An emc object made by make_emc()

start_mu

A vector. Mean of multivariate normal used in proposal distribution

start_var

A matrix. Variance covariance matrix of multivariate normal used in proposal distribution. Smaller values will lead to less deviation around the mean.

particles

An integer. Number of starting values

cores_per_chain

An integer. How many cores to use per chain. Parallelizes across participant calculations.

cores_for_chains

An integer. How many cores to use to parallelize across chains. Default is the number of chains.

Value

An emc object

Examples

if (FALSE) { # \dontrun{
# Make a design and an emc object
design_DDMaE <- design(data = forstmann,model=DDM,
                           formula =list(v~0+S,a~E, t0~1, s~1, Z~1, sv~1, SZ~1),
                           constants=c(s=log(1)))

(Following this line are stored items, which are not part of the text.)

lemma polytope_linear_growth:
  fixes P A :: "'a::euclidean_space set"
  assumes "polytope P" "bounded A" "convex A" "A \<noteq> {}"
    and lower: "\<And>a. a \<in> P \<Longrightarrow> m \<le> v \<bullet> a"
    and face: "\<And>a. a \<in> P \<Longrightarrow> v \<bullet> a \<le> m \<Longrightarrow> a \<in> A"
  shows "\<exists>c>0. \<forall>a\<in>P. \<exists>z\<in>A. c * norm (a - z) \<le> v \<bullet> a - m"
proof -
  obtain V where "finite V" and P: "P = convex hull V"
    using \<open>polytope P\<close> by (auto simp: polytope_def)
  have "bounded (P \<union> A)"
    using \<open>polytope P\<close> \<open>bounded A\<close> by (simp add: polytope_imp_bounded)
  then obtain B where "B > 0" and B: "\<And>x. x \<in> P \<union> A \<Longrightarrow> norm x \<le> B"
    by (auto simp: bounded_pos)
  have "V \<subseteq> P"
    unfolding P by (rule hull_subset)
  obtain z0 where "z0 \<in> A"
    using \<open>A \<noteq> {}\<close> by blast
  \<comment> \<open>vertices off the face are matched with z0, at distance at most 2B\<close>
  define c where "c = Min (insert 1 ((\<lambda>x. (v \<bullet> x - m) / (2 * B)) ` {x\<in>V. m < v \<bullet> x}))"
  have "c > 0"
    unfolding c_def using \<open>finite V\<close> \<open>B > 0\<close> by (subst Min_gr_iff) auto
  have "\<exists>y\<in>A. c * norm (x - y) \<le> v \<bullet> x - m" if "x \<in> V" for x
  proof -
    have "x \<in> P"
      using that \<open>V \<subseteq> P\<close> by blast
    show ?thesis
    proof (cases "v \<bullet> x \<le> m")
      case True
      then show ?thesis
        using \<open>x \<in> P\<close> face lower by (intro bexI[of _ x]) auto
    next
      case False
      have "norm (x - z0) \<le> 2 * B"
        using B[of x] B[of z0] \<open>x \<in> P\<close> \<open>z0 \<in> A\<close> norm_triangle_ineq4[of x z0] by simp
      moreover have "c \<le> (v \<bullet> x - m) / (2 * B)"
        unfolding c_def using \<open>finite V\<close> that False by (intro Min_le) auto
      ultimately have "c * norm (x - z0) \<le> (v \<bullet> x - m) / (2 * B) * (2 * B)"
        using \<open>c > 0\<close> by (intro mult_mono) auto
      then show ?thesis
        using \<open>z0 \<in> A\<close> \<open>B > 0\<close> by (intro bexI[of _ z0]) auto
    qed
  qed
  then have "\<forall>a\<in>P. \<exists>z\<in>A. c * norm (a - z) \<le> v \<bullet> a - m"
    unfolding P using convex_hull_affine_distance_bound[OF \<open>finite V\<close> \<open>convex A\<close>] \<open>c > 0\<close>
    by simp
  with \<open>c > 0\<close> show ?thesis
    by blast
qed

lemma continuous_on_Max:
  fixes g :: "'i \<Rightarrow> 'a::topological_space \<Rightarrow> real"
  assumes "finite I" "I \<noteq> {}" "\<And>i. i \<in> I \<Longrightarrow> continuous_on S (g i)"
  shows "continuous_on S (\<lambda>x. Max ((\<lambda>i. g i x) ` I))"
  using assms
proof (induction I rule: finite_ne_induct)
  case (singleton i)
  then show ?case by simp
next
  case (insert i I)
  then have "continuous_on S (\<lambda>x. max (g i x) (Max ((\<lambda>i. g i x) ` I)))"
    by (intro continuous_on_max) auto
  then show ?case
    using insert by simp
qed

lemma polytope_sublevel_Max_inner:
  fixes S C :: "'a::euclidean_space set"
  assumes "polytope S" "finite C" "C \<noteq> {}"
  shows "polytope {a\<in>S. Max ((\<lambda>c. c \<bullet> a) ` C) \<le> m}"
proof -
  have "{a\<in>S. Max ((\<lambda>c. c \<bullet> a) ` C) \<le> m} = S \<inter> (\<Inter>c\<in>C. {a. c \<bullet> a \<le> m})"
    using assms(2,3) by auto
  moreover have "polyhedron (\<Inter>c\<in>C. {a. c \<bullet> a \<le> m})"
    using \<open>finite C\<close> by (auto intro: polyhedron_halfspace_le)
  ultimately show ?thesis
    using \<open>polytope S\<close> by (simp add: polytope_Int_polyhedron)
qed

DDMaE <- make_emc(forstmann, design_DDMaE)
# set up our mean starting points (same used across subjects).
mu <- c(v_Sleft=-2,v_Sright=2,a=log(1),a_Eneutral=log(1.5),a_Eaccuracy=log(2),
       t0=log(.2),Z=qnorm(.5),sv=log(.5),SZ=qnorm(.5))
# Small variances to simulate start points from a tight range
var <- diag(0.05, length(mu))
# Initialize chains, 4 cores per chain, and parallelizing across our 3 chains as well
# so 4*3 cores used.
DDMaE <- init_chains(DDMaE, start_mu = p_vector, start_var = var, cores_per_chain = 4)
# Afterwards we can just use fit
DDMaE <- fit(DDMaE, cores_per_chain = 4)
} # }